I’m a pediatric oncologist, but cancer is not always the most serious problem my young patients face. Currently one of them, a 14-year-old boy, his mother, or both may be opioid addicts. I may be enabling their addiction.
Tragically, their situation is not unique. Adolescent patients are at risk for addiction from opioid pain medications just as adult patients are. But pediatric patients are overlooked in this war against opioid addiction. No policies protect them or those caring for them.
Usually pain is short-term, and only limited opioids are needed. Most providers, including those caring for children, are trained in acute pain management. Patients and providers are also protected by policies limiting the prescribed amount of opioids for acute pain.
Occasionally, complications such as bone, muscle, nerve damage, or scar tissue development result in longer-term, chronic pain. These complications happened to my 14-year-old patient, and happens with enough frequently that cancer patients are often exempt from prescription limits.
A person’s ability to cope with pain varies greatly. Some patients with identical complications manage with minimal narcotics and instead use lidocaine patches, ibuprofen, physical therapy, and mind-body awareness to continue their lives with resilience. Others, like my patient’s mother, insist nothing but opioids work.
Most doctors avoid chronic pain management and worry about the liability of authorizing repeated narcotic refills. I worry, too. In this case of this patient, I worried particularly after an online opioid prescription registry showed that in one month, my patient had filled my oxycodone prescription, as well as other prescriptions, four times what I had prescribed.
I cannot tell who is taking the pills — my patient or his mother. He does not know what medications he takes when they are handed to him. However, he frequently comments that his mother cannot wake up early or drive sometimes because of her pills. Indeed, our office knows she may be incoherent and forgetful if we call in the morning.
Prescribers who suspect an addiction usually refer their patients to a specialist trained to manage chronic pain. By referring the patient to a pain specialist, providers remove themselves from the opioid liability while preserving the relationship to treat other health issues. Unfortunately, my state, New Hampshire, which has the nation’s second highest opioid overdose death rate, has no pediatric pain clinic. None.
Adult chronic pain specialists are not trained to manage pediatric patients even if they are adult-sized. Children cannot sign opioid contracts or be held directly responsible for their care. Chronic pain is as much psychological as physical, and adult pain specialists are not prepared to manage the interdependent psychosocial complexities between children with cancer and their traumatized and anxious parents.
My patient and his mother went for a single visit to the closest pediatric pain clinic three hours away. Physical therapy, non-addictive neuromodulators, counseling, and opioid weaning were recommended. His mother was offended by the counseling suggestion, unhappy opioids were not prescribed, and refuses to return to the pain clinic. I cannot force them. It is too far and the cost is not covered by insurance.
I suggested medical marijuana, which can improve coping with pain. Professionally, marijuana is easy. Physicians do not prescribe marijuana. We only certify a diagnosis. The state is responsible for determining eligibility, investigating abuse risk, and dispensing it. I have no responsibility or liability in my pediatric patient’s marijuana use. But as a pediatric opioid prescriber, I am fully exposed.

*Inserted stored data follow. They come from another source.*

lemma walk_rev:
  assumes g: "graph V E" and w: "walk V E xs"
  shows "walk V E (rev xs)"
  unfolding walk_def
proof (intro conjI allI impI)
  show "rev xs \<noteq> []" "set (rev xs) \<subseteq> V" using w unfolding walk_def by auto
next
  fix i assume i: "Suc i < length (rev xs)"
  let ?k = "length xs - 2 - i"
  have "E (xs ! ?k) (xs ! Suc ?k)"
    using w i unfolding walk_def by simp
  then have "E (xs ! Suc ?k) (xs ! ?k)"
    using g unfolding graph_def by blast
  moreover have "rev xs ! i = xs ! Suc ?k" "rev xs ! Suc i = xs ! ?k"
    using i by (simp_all add: rev_nth Suc_diff_Suc)
  ultimately show "E (rev xs ! i) (rev xs ! Suc i)" by simp
qed

lemma gdist_commute:
  assumes "graph V E"
  shows "gdist V E x y = gdist V E y x"
proof -
  have reverse: "\<exists>xs. walk V E xs \<and> hd xs = y \<and> last xs = x \<and> wlen xs = n"
    if "walk V E xs" "hd xs = x" "last xs = y" "wlen xs = n" for x y n xs
  proof (intro exI conjI)
    have "xs \<noteq> []" using \<open>walk V E xs\<close> unfolding walk_def by simp
    then show "hd (rev xs) = y" "last (rev xs) = x" "wlen (rev xs) = n"
      using that by (simp_all add: hd_rev last_rev wlen_def)
    show "walk V E (rev xs)" using walk_rev[OF assms \<open>walk V E xs\<close>] .
  qed
  have "(\<lambda>n. \<exists>xs. walk V E xs \<and> hd xs = x \<and> last xs = y \<and> wlen xs = n) =
        (\<lambda>n. \<exists>xs. walk V E xs \<and> hd xs = y \<and> last xs = x \<and> wlen xs = n)"
    by (intro ext iffI) (blast intro: reverse)+
  then show ?thesis unfolding gdist_def by simp
qed

lemma gdist_le_wlen:
  assumes "walk V E xs"
  shows "gdist V E (hd xs) (last xs) \<le> wlen xs"
  unfolding gdist_def by (rule Least_le) (use assms in blast)
lemma gradient_cone_extend_iff:
  "(\<sigma>, \<tau>) \<in> gradient capped (cone_extend a f \<phi>) \<longleftrightarrow>
     (\<sigma>, \<tau>) \<in> gradient A f \<or> \<sigma> \<in> C \<and> \<tau> = insert a \<sigma> \<and> \<phi> \<sigma> \<le> f \<sigma> \<or>
     (\<exists>\<nu> \<rho>. \<sigma> = insert a \<nu> \<and> \<tau> = insert a \<rho> \<and> (\<nu>, \<rho>) \<in> gradient (augmented C) \<phi>)"
proof -
  let ?h = "cone_extend a f \<phi>"
  have "(\<sigma>, \<tau>) \<in> gradient capped ?h \<longleftrightarrow>
      \<sigma> \<in> A \<and> \<tau> \<in> A \<and> facet \<sigma> \<tau> \<and> ?h \<tau> \<le> ?h \<sigma> \<or>
      \<sigma> \<in> C \<and> \<tau> = insert a \<sigma> \<and> ?h \<tau> \<le> ?h \<sigma> \<or>
      (\<exists>\<nu>\<in>augmented C. \<exists>\<rho>\<in>augmented C. \<sigma> = insert a \<nu> \<and> \<tau> = insert a \<rho> \<and> facet \<nu> \<rho> \<and> ?h \<tau> \<le> ?h \<sigma>)"
    using facet_capped_iff[of \<sigma> \<tau>] unfolding in_gradient_iff by blast
  moreover have "\<sigma> \<in> A \<and> \<tau> \<in> A \<and> facet \<sigma> \<tau> \<and> ?h \<tau> \<le> ?h \<sigma> \<longleftrightarrow> (\<sigma>, \<tau>) \<in> gradient A f"
    unfolding in_gradient_iff by (auto simp: cone_extend_A)
  moreover have "\<sigma> \<in> C \<and> \<tau> = insert a \<sigma> \<and> ?h \<tau> \<le> ?h \<sigma> \<longleftrightarrow> \<sigma> \<in> C \<and> \<tau> = insert a \<sigma> \<and> \<phi> \<sigma> \<le> f \<sigma>"
    using C_sub_A by (auto simp: cone_extend_A cone_extend_apex)
  moreover have "(\<exists>\<nu>\<in>augmented C. \<exists>\<rho>\<in>augmented C. \<sigma> = insert a \<nu> \<and> \<tau> = insert a \<rho> \<and> facet \<nu> \<rho> \<and> ?h \<tau> \<le> ?h \<sigma>)
      \<longleftrightarrow> (\<exists>\<nu> \<rho>. \<sigma> = insert a \<nu> \<and> \<tau> = insert a \<rho> \<and> (\<nu>, \<rho>) \<in> gradient (augmented C) \<phi>)"
    (is "?cone \<longleftrightarrow> _")
  proof
    assume ?cone
    then obtain \<nu> \<rho> where "\<nu> \<in> augmented C" "\<rho> \<in> augmented C" "\<sigma> = insert a \<nu>" "\<tau> = insert a \<rho>"
      "facet \<nu> \<rho>" "?h \<tau> \<le> ?h \<sigma>" by blast
    then show "\<exists>\<nu> \<rho>. \<sigma> = insert a \<nu> \<and> \<tau> = insert a \<rho> \<and> (\<nu>, \<rho>) \<in> gradient (augmented C) \<phi>"
      unfolding in_gradient_iff by (metis cone_extend_apex)
  next
    assume "\<exists>\<nu> \<rho>. \<sigma> = insert a \<nu> \<and> \<tau> = insert a \<rho> \<and> (\<nu>, \<rho>) \<in> gradient (augmented C) \<phi>"
    then obtain \<nu> \<rho> where "\<sigma> = insert a \<nu>" "\<tau> = insert a \<rho>" "\<nu> \<in> augmented C" "\<rho> \<in> augmented C"
      "facet \<nu> \<rho>" "\<phi> \<rho> \<le> \<phi> \<nu>" unfolding in_gradient_iff by blast
    then show ?cone by (metis cone_extend_apex)
  qed
  ultimately show ?thesis by argo
qed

Although his stuffed animals talk to him when he uses marijuana, he still has pain and his mother still demands oxycodone. I expect him to have pain, but I have no idea how bad it is, how many opioids he needs, or who really takes the pills.

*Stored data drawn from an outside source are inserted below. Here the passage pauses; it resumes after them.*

(* Let $\mathcal{A}=\langle L,\mathcal{X},E\rangle$ be a timed automaton with $n$ clocks and $\ell_0,\ell\in L$. Then $$\{\nu\in\mathbb{R}_{\ge0}^{\mathcal{X}}: \text{there is a run of }\mathcal{A}\text{ from }\langle\ell_0,\mathbf{0}\rangle\text{ to }\langle\ell,\nu\rangle\}=\bigcup_{Z\in\mathcal{Z}_1(\mathcal{X})}\ \bigcup_{\gamma\subseteq\mathcal{X}}\{\upsilon+\mu:\mu\in Z,\ \upsilon\in\mathbb{N}^{\mathcal{X}},\ \langle\ell_0,\mathbf{0},\{\mathbf{0}\},\gamma\rangle\to^*\langle\ell,\upsilon,Z,\emptyset\rangle\text{ in }R(\mathcal{A})\},$$ where $\to^*$ denotes existence of a run of $R(\mathcal{A})$ (on any word).
   Context: Let $\mathcal{X}$ be a finite set of clocks. Clock constraints $\Phi(\mathcal{X})$ are generated by $\varphi ::= \mathbf{true}\mid x<k\mid x=k\mid x>k\mid \varphi\wedge\varphi$ with $k\in\mathbb{N}$, $x\in\mathcal{X}$. A clock valuation is a map $\nu:\mathcal{X}\to\mathbb{R}_{\ge0}$; $\nu\models\varphi$ denotes satisfaction; $\mathbf{0}$ is the all-zero valuation; $(\nu+t)(x)=\nu(x)+t$ for $t\ge0$; for $\lambda\subseteq\mathcal{X}$, $\nu[\lambda\leftarrow0]$ sets clocks in $\lambda$ to $0$ and leaves others unchanged. A timed automaton is $\mathcal{A}=\langle L,\mathcal{X},E\rangle$ with finite location set $L$, finite clock set $\mathcal{X}$, and edges $E\subseteq L\times\Phi(\mathcal{X})\times2^{\mathcal{X}}\times L$. A configuration is a pair $\langle\ell,\nu\rangle$. Transitions: delay $\langle\ell,\nu\rangle\xrightarrow{d}\langle\ell,\nu+d\rangle$ for $d\ge0$; discrete $\langle\ell,\nu\rangle\xrightarrow{0}\langle\ell',\nu[\lambda\leftarrow0]\rangle$ whenever $\langle\ell,\varphi,\lambda,\ell'\rangle\in E$ and $\nu\models\varphi$. A run is a finite (possibly empty) sequence of consecutive transitions. A 1-bounded zone is a subset of $[0,1]^{\mathcal{X}}$ defined by a finite conjunction of constraints $x_i\bowtie c$ and $x_i-x_j\bowtie c$ with $c\in\{-1,0,1\}$ and $\bowtie\in\{<,\le,=,\ge,>\}$; $\mathcal{Z}_1(\mathcal{X})$ is the (finite) set of 1-bounded zones. For a set $Z$ of valuations, $Z[\lambda\leftarrow0]=\{\nu[\lambda\leftarrow0]:\nu\in Z\}$ and $\overrightarrow{Z}=\{\nu+t:\nu\in Z,t\ge0\}\cap[0,1]^{\mathcal{X}}$; $[\![x=1]\!]$ is the set of valuations with $x=1$; for $\upsilon\in\mathbb{N}^{\mathcal{X}}$, $\upsilon[x\leftarrow x+1]$ increments coordinate $x$ by one. The automaton $R(\mathcal{A})$ is the (infinite-state, nondeterministic, with $\varepsilon$-transitions) automaton over alphabet $\mathcal{X}$ with states $Q=L\times\mathbb{N}^{\mathcal{X}}\times\mathcal{Z}_1(\mathcal{X})\times2^{\mathcal{X}}$ and transitions: (1) delay: $\langle\ell,\upsilon,Z,\gamma\rangle\xrightarrow{\varepsilon}\langle\ell,\upsilon,\overrightarrow{Z},\gamma\rangle$; (2) wrapping, for each $x\in\mathcal{X}$: $\langle\ell,\upsilon,Z,\gamma\rangle\xrightarrow{\sigma}\langle\ell,\upsilon[x\leftarrow x+1],(Z\cap[\![x=1]\!])[x\leftarrow0],\gamma\rangle$, where $\sigma=\varepsilon$ if $x\in\gamma$ and $\sigma=x$ otherwise; (3) for each edge $\langle\ell,\varphi,\lambda,\ell'\rangle\in E$ and each $\gamma'$ with $\gamma'\cup\lambda=\gamma$: $\langle\ell,\upsilon,Z,\gamma\rangle\xrightarrow{\varepsilon}\langle\ell',\upsilon[\lambda\leftarrow0],\{\nu\in Z:\upsilon+\nu\models\varphi\}[\lambda\leftarrow0],\gamma'\rangle$. *)

theory Defs
  imports Complex_Main
begin

text \<open>Clocks are the elements of a finite type 'c (so the clock set X is UNIV :: 'c set).
  Valuations are maps 'c => real.\<close>

datatype 'c clock_constraint =
    CTrue
  | CLt 'c nat
  | CEq 'c nat
  | CGt 'c nat
  | CAnd "'c clock_constraint" "'c clock_constraint"

fun cc_sat :: "('c \<Rightarrow> real) \<Rightarrow> 'c clock_constraint \<Rightarrow> bool" where
  "cc_sat \<nu> CTrue = True"
| "cc_sat \<nu> (CLt x k) = (\<nu> x < real k)"
| "cc_sat \<nu> (CEq x k) = (\<nu> x = real k)"
| "cc_sat \<nu> (CGt x k) = (\<nu> x > real k)"
| "cc_sat \<nu> (CAnd \<phi> \<psi>) = (cc_sat \<nu> \<phi> \<and> cc_sat \<nu> \<psi>)"

record ('l, 'c) ta =
  locs :: "'l set"
  edges :: "('l \<times> 'c clock_constraint \<times> 'c set \<times> 'l) set"

definition ta_wf :: "('l, 'c) ta \<Rightarrow> bool" where
  "ta_wf A \<longleftrightarrow> finite (locs A) \<and> finite (edges A) \<and>
     (\<forall>(l, g, r, l') \<in> edges A. l \<in> locs A \<and> l' \<in> locs A)"

definition reset :: "('c \<Rightarrow> 'a::zero) \<Rightarrow> 'c set \<Rightarrow> 'c \<Rightarrow> 'a" where
  "reset \<nu> r = (\<lambda>x. if x \<in> r then 0 else \<nu> x)"

definition delay :: "('c \<Rightarrow> real) \<Rightarrow> real \<Rightarrow> 'c \<Rightarrow> real" where
  "delay \<nu> t = (\<lambda>x. \<nu> x + t)"

inductive ta_step :: "('l, 'c) ta \<Rightarrow> 'l \<times> ('c \<Rightarrow> real) \<Rightarrow> 'l \<times> ('c \<Rightarrow> real) \<Rightarrow> bool"
  for A where
  ta_delay: "d \<ge> 0 \<Longrightarrow> ta_step A (l, \<nu>) (l, delay \<nu> d)"
| ta_disc: "(l, \<phi>, r, l') \<in> edges A \<Longrightarrow> cc_sat \<nu> \<phi> \<Longrightarrow> ta_step A (l, \<nu>) (l', reset \<nu> r)"

definition ta_run :: "('l, 'c) ta \<Rightarrow> 'l \<times> ('c \<Rightarrow> real) \<Rightarrow> 'l \<times> ('c \<Rightarrow> real) \<Rightarrow> bool" where
  "ta_run A = (ta_step A)\<^sup>*\<^sup>*"

datatype cmp = CmpLt | CmpLe | CmpEq | CmpGe | CmpGt

fun cmp_sem :: "cmp \<Rightarrow> real \<Rightarrow> real \<Rightarrow> bool" where
  "cmp_sem CmpLt a b = (a < b)"
| "cmp_sem CmpLe a b = (a \<le> b)"
| "cmp_sem CmpEq a b = (a = b)"
| "cmp_sem CmpGe a b = (a \<ge> b)"
| "cmp_sem CmpGt a b = (a > b)"

datatype 'c zone_atom = ZSingle 'c cmp int | ZDiff 'c 'c cmp int

fun zatom_sat :: "('c \<Rightarrow> real) \<Rightarrow> 'c zone_atom \<Rightarrow> bool" where
  "zatom_sat \<nu> (ZSingle x b c) = cmp_sem b (\<nu> x) (of_int c)"
| "zatom_sat \<nu> (ZDiff x y b c) = cmp_sem b (\<nu> x - \<nu> y) (of_int c)"

fun zatom_const :: "'c zone_atom \<Rightarrow> int" where
  "zatom_const (ZSingle x b c) = c"
| "zatom_const (ZDiff x y b c) = c"

definition unit_box :: "('c \<Rightarrow> real) set" where
  "unit_box = {\<nu>. \<forall>x. 0 \<le> \<nu> x \<and> \<nu> x \<le> 1}"

definition zone_of :: "'c zone_atom set \<Rightarrow> ('c \<Rightarrow> real) set" where
  "zone_of C = {\<nu> \<in> unit_box. \<forall>a \<in> C. zatom_sat \<nu> a}"

definition zones1 :: "('c \<Rightarrow> real) set set" where
  "zones1 = {zone_of C | C. finite C \<and> (\<forall>a \<in> C. zatom_const a \<in> {-1, 0, 1})}"

definition zreset :: "('c \<Rightarrow> real) set \<Rightarrow> 'c set \<Rightarrow> ('c \<Rightarrow> real) set" where
  "zreset Z r = (\<lambda>\<nu>. reset \<nu> r) ` Z"

definition zfuture :: "('c \<Rightarrow> real) set \<Rightarrow> ('c \<Rightarrow> real) set" where
  "zfuture Z = {delay \<nu> t | \<nu> t. \<nu> \<in> Z \<and> t \<ge> 0} \<inter> unit_box"

definition add_int :: "('c \<Rightarrow> nat) \<Rightarrow> ('c \<Rightarrow> real) \<Rightarrow> 'c \<Rightarrow> real" where
  "add_int \<upsilon> \<nu> = (\<lambda>x. real (\<upsilon> x) + \<nu> x)"

text \<open>The automaton R(A); states (l, upsilon, Z, gamma). Transition labels are omitted
  since only reachability on an arbitrary word is needed.\<close>
inductive R_step :: "('l, 'c) ta \<Rightarrow> 'l \<times> ('c \<Rightarrow> nat) \<times> ('c \<Rightarrow> real) set \<times> 'c set
      \<Rightarrow> 'l \<times> ('c \<Rightarrow> nat) \<times> ('c \<Rightarrow> real) set \<times> 'c set \<Rightarrow> bool"
  for A where
  R_delay: "R_step A (l, \<upsilon>, Z, \<gamma>) (l, \<upsilon>, zfuture Z, \<gamma>)"
| R_wrap: "R_step A (l, \<upsilon>, Z, \<gamma>)
     (l, \<upsilon>(x := \<upsilon> x + 1), zreset (Z \<inter> {\<nu>. \<nu> x = 1}) {x}, \<gamma>)"
| R_edge: "(l, \<phi>, r, l') \<in> edges A \<Longrightarrow> \<gamma>' \<union> r = \<gamma> \<Longrightarrow>
     R_step A (l, \<upsilon>, Z, \<gamma>)
       (l', reset \<upsilon> r, zreset {\<nu> \<in> Z. cc_sat (add_int \<upsilon> \<nu>) \<phi>} r, \<gamma>')"

definition R_reach where
  "R_reach A = (R_step A)\<^sup>*\<^sup>*"

end

theory Submission
  imports Defs
begin

text \<open>Every valuation splits into an integer part \<open>\<upsilon>\<close> and a part \<open>\<mu>\<close> in the unit box, and \<open>R(A)\<close>
  tracks \<open>\<upsilon>\<close> exactly and the possible \<open>\<mu>\<close> by a zone. Each step of \<open>R(A)\<close> is matched by a run of
  \<open>A\<close> on \<open>\<upsilon> + \<mu>\<close>. Conversely a delay of \<open>A\<close> is cut at the moments where a clock reaches 1, which
  is then wrapped, and a discrete step is taken by an edge of \<open>R(A)\<close>; the resets it performs are
  guessed in advance in the set \<open>\<gamma>\<close>, which is why \<open>\<gamma>\<close> is arbitrary initially and empty at the end.
  The zones reached are closed: cut out of the unit box by the 1-bounded difference constraints
  they satisfy. Closedness survives guards, resets and time elapse by Fourier--Motzkin elimination
  of one variable, and closed sets are 1-bounded zones.\<close>

section \<open>Strict and non-strict bounds\<close>

fun below :: "bool \<Rightarrow> real \<Rightarrow> real \<Rightarrow> bool" where
  "below True a b = (a < b)"
| "below False a b = (a \<le> b)"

Some suggested treating only his cancer and not his pain. I would follow that suggestion, if pain management were available elsewhere. But it is not, and I know he has painful complications from the chemotherapy I gave him.
Others suggested entirely refusing to treat him because of his non-compliance. But he is not solely responsible for his non-compliance. And, it is unethical to deny him cancer care when the next closest pediatric oncologist is three hours away and outside his insurance network.

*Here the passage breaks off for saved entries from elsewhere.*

lemma borel_measurable_to_vec: "to_vec \<in> borel_measurable borel"
  by (intro borel_measurable_continuous_onI linear_continuous_on)
     (simp add: linear_to_vec flip: linear_conv_bounded_linear)

lemma distr_lborel_to_vec: "distr lborel borel (to_vec :: 'a::euclidean_space \<Rightarrow> _) = lborel"
proof (rule lborel_eqI[symmetric])
  fix l u :: "real^'a basis_index"
  assume "\<And>b. b \<in> Basis \<Longrightarrow> l \<bullet> b \<le> u \<bullet> b"
  then have le: "l $ i \<le> u $ i" for i
    by (auto simp: Basis_vec_def cart_eq_inner_axis)
  have "emeasure (distr lborel borel to_vec) (box l u) = emeasure lborel (box (of_vec l) (of_vec u :: 'a))"
    by (simp add: emeasure_distr borel_measurable_to_vec vimage_to_vec_box)
  also have "\<dots> = (\<Prod>b\<in>Basis. (of_vec u - of_vec l :: 'a) \<bullet> b)"
    using le by (simp add: emeasure_lborel_box_eq inner_diff_left inner_of_vec_Rep Basis_eq_range_Rep)
  also have "\<dots> = (\<Prod>i\<in>UNIV. (u - l) $ i)"
    using prod.reindex_bij_betw[OF bij_betw_Rep_basis_index, of "\<lambda>b. (of_vec u - of_vec l :: 'a) \<bullet> b"]
    by (simp add: inner_diff_left inner_of_vec_Rep)
  also have "\<dots> = (\<Prod>b\<in>Basis. (u - l) \<bullet> b)"
  proof -
    have "(Basis :: (real^'a basis_index) set) = range (\<lambda>i. axis i 1)"
      by (auto simp: Basis_vec_def)
    then show ?thesis
      using prod.reindex[of "\<lambda>i. axis i 1" UNIV "\<lambda>b. (u - l) \<bullet> b"]
      by (simp add: inj_on_def axis_eq_axis inner_axis)
  qed
  finally show "emeasure (distr lborel borel to_vec) (box l u) = (\<Prod>b\<in>Basis. (u - l) \<bullet> b)" .
qed simp

lemma measure_to_vec_image:
  fixes S :: "'a::euclidean_space set"
  assumes "compact S"
  shows "measure lebesgue (to_vec ` S) = measure lebesgue S"
proof -
  have "to_vec ` S \<in> sets borel"
    using assms by (intro borel_compact compact_linear_image linear_to_vec)
  then have "measure lebesgue (to_vec ` S) = measure (distr lborel borel to_vec) (to_vec ` S)"
    by (simp add: distr_lborel_to_vec measure_completion)
  also have "\<dots> = measure lborel (to_vec -` to_vec ` S)"
    using \<open>to_vec ` S \<in> sets borel\<close> by (simp add: measure_distr borel_measurable_to_vec)
  also have "to_vec -` to_vec ` S = S"
    by (metis of_vec_to_vec inj_on_inverseI inj_vimage_image_eq)
  finally show ?thesis
    using assms by (simp add: borel_compact measure_completion)
qed

lemma measure_linear_image_proportional:
  fixes f :: "'a::euclidean_space \<Rightarrow> 'a"
  assumes "linear f"
  obtains c where "\<And>S. compact S \<Longrightarrow> measure lebesgue (f ` S) = c * measure lebesgue S"
proof
  let ?g = "to_vec \<circ> f \<circ> of_vec"
  fix S :: "'a set"
  assume "compact S"
  have "measure lebesgue (f ` S) = measure lebesgue (?g ` to_vec ` S)"
    using measure_to_vec_image[OF compact_linear_image[OF assms \<open>compact S\<close>]]
    by (simp add: image_comp)
  also have "\<dots> = \<bar>det (matrix ?g)\<bar> * measure lebesgue (to_vec ` S)"
    using assms \<open>compact S\<close>
    by (intro measure_linear_image lmeasurable_compact compact_linear_image linear_compose
        linear_to_vec linear_of_vec)
  also have "\<dots> = \<bar>det (matrix ?g)\<bar> * measure lebesgue S"
    by (simp add: measure_to_vec_image \<open>compact S\<close>)
  finally show "measure lebesgue (f ` S) = \<bar>det (matrix ?g)\<bar> * measure lebesgue S" .
qed

definition volume_factor :: "('a::euclidean_space \<Rightarrow> 'a) \<Rightarrow> real" where
  "volume_factor f = measure lebesgue (f ` cbox 0 One)"

lemma measure_linear_image_compact:
  fixes f :: "'a::euclidean_space \<Rightarrow> 'a"
  assumes "linear f" "compact S"
  shows "measure lebesgue (f ` S) = volume_factor f * measure lebesgue S"
proof -
  obtain c where c: "\<And>S. compact S \<Longrightarrow> measure lebesgue (f ` S) = c * measure lebesgue S"
    using measure_linear_image_proportional[OF assms(1)] by blast
  have "volume_factor f = c"
    using c[of "cbox 0 One"] by (simp add: volume_factor_def)
  then show ?thesis
    using c[OF assms(2)] by simp
qed

lemma volume_factor_nonneg: "volume_factor f \<ge> 0"
  by (simp add: volume_factor_def)

lemma volume_factor_id: "volume_factor id = 1"
  by (simp add: volume_factor_def)

lemma volume_factor_compose:
  fixes f g :: "'a::euclidean_space \<Rightarrow> 'a"
  assumes "linear f" "linear g"
  shows "volume_factor (f \<circ> g) = volume_factor f * volume_factor g"
  using measure_linear_image_compact[OF assms(1) compact_linear_image[OF assms(2)], of "cbox 0 One"]
  by (simp add: volume_factor_def image_comp)

lemma volume_factor_pos_iff:
  fixes f :: "'a::euclidean_space \<Rightarrow> 'a"
  assumes "linear f"
  shows "volume_factor f > 0 \<longleftrightarrow> inj f"
proof
  assume "volume_factor f > 0"
  show "inj f"
  proof (rule ccontr)
    assume "\<not> inj f"
    then have "negligible (f ` cbox 0 One)"
      by (rule negligible_linear_singular_image[OF assms])
    then show False
      using \<open>volume_factor f > 0\<close> by (simp add: volume_factor_def negligible_imp_measure0)
  qed
next
  assume "inj f"
  then obtain g where "linear g" "g \<circ> f = id"
    using linear_injective_left_inverse[OF assms] by blast
  then have "volume_factor g * volume_factor f = 1"
    by (metis assms volume_factor_compose volume_factor_id)
  then show "volume_factor f > 0"
    using volume_factor_nonneg[of f] by (metis less_eq_real_def mult_zero_right zero_neq_one)
qed

lemma volume_factor_conjugate:
  fixes f g h :: "'a::euclidean_space \<Rightarrow> 'a"
  assumes "linear f" "linear g" "linear h" "g \<circ> h = id"
  shows "volume_factor (h \<circ> f \<circ> g) = volume_factor f"
proof -
  have "volume_factor (h \<circ> f \<circ> g) = volume_factor f * (volume_factor g * volume_factor h)"
    using assms by (simp add: volume_factor_compose linear_compose)
  also have "volume_factor g * volume_factor h = 1"
    using assms by (metis volume_factor_compose volume_factor_id)
  finally show ?thesis by (metis mult_1_right)
qed

lemma vol_ellipsoid:
  fixes A :: "'a::euclidean_space \<Rightarrow> 'a"
  assumes "linear A"
  shows "vol ((\<lambda>x. c + A x) ` cball 0 1) = volume_factor A * vol (cball 0 (1::real) :: 'a set)"
proof -
  have "(\<lambda>x. c + A x) ` cball 0 1 = (+) c ` A ` cball 0 1"
    by (simp add: image_image)
  then show ?thesis
    using measure_linear_image_compact[OF assms compact_cball]
    by (simp add: vol_def measure_translation)
qed

definition stretch_along :: "'a::real_inner \<Rightarrow> real \<Rightarrow> real \<Rightarrow> 'a \<Rightarrow> 'a" where
  "stretch_along w a b x = (a * (x \<bullet> w)) *\<^sub>R w + b *\<^sub>R (x - (x \<bullet> w) *\<^sub>R w)"

lemma linear_stretch_along: "linear (stretch_along w a b)"
  by (rule linearI) (auto simp: stretch_along_def inner_add_left algebra_simps)

definition reflect_along :: "'a::real_inner \<Rightarrow> 'a \<Rightarrow> 'a" where
  "reflect_along v x = x - (2 * (x \<bullet> v) / (v \<bullet> v)) *\<^sub>R v"

lemma linear_reflect_along: "linear (reflect_along v)"
  by (rule linearI) (auto simp: reflect_along_def inner_add_left add_divide_distrib algebra_simps)

lemma inner_reflect_along: "reflect_along v x \<bullet> y = x \<bullet> reflect_along v y"
  by (simp add: reflect_along_def inner_diff_left inner_diff_right inner_commute)

lemma reflect_along_involution: "reflect_along v \<circ> reflect_along v = id"
proof (cases "v = 0")
  case False
  then show ?thesis
    by (auto simp: reflect_along_def fun_eq_iff inner_diff_left algebra_simps)
qed (simp add: reflect_along_def fun_eq_iff)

So I do what I can. I cannot provide ideal chronic pain care. Instead I focus on minimizing the damage that could be done to him, his mother, and myself.
I am scared for my patient and his mother and their addiction risk. I am scared for myself and other providers who lack guidance and protection in pediatric chronic pain management and the inadvertent role we may play in addiction. I am scared because writing prescription after prescription feels wrong, but I see no alternative.
So I am curing this boy’s cancer at the cost of his life? How many other pediatric patients are like him, successfully battling a disease and yet falling through cracks of our healthcare system into a deadly pit of addiction?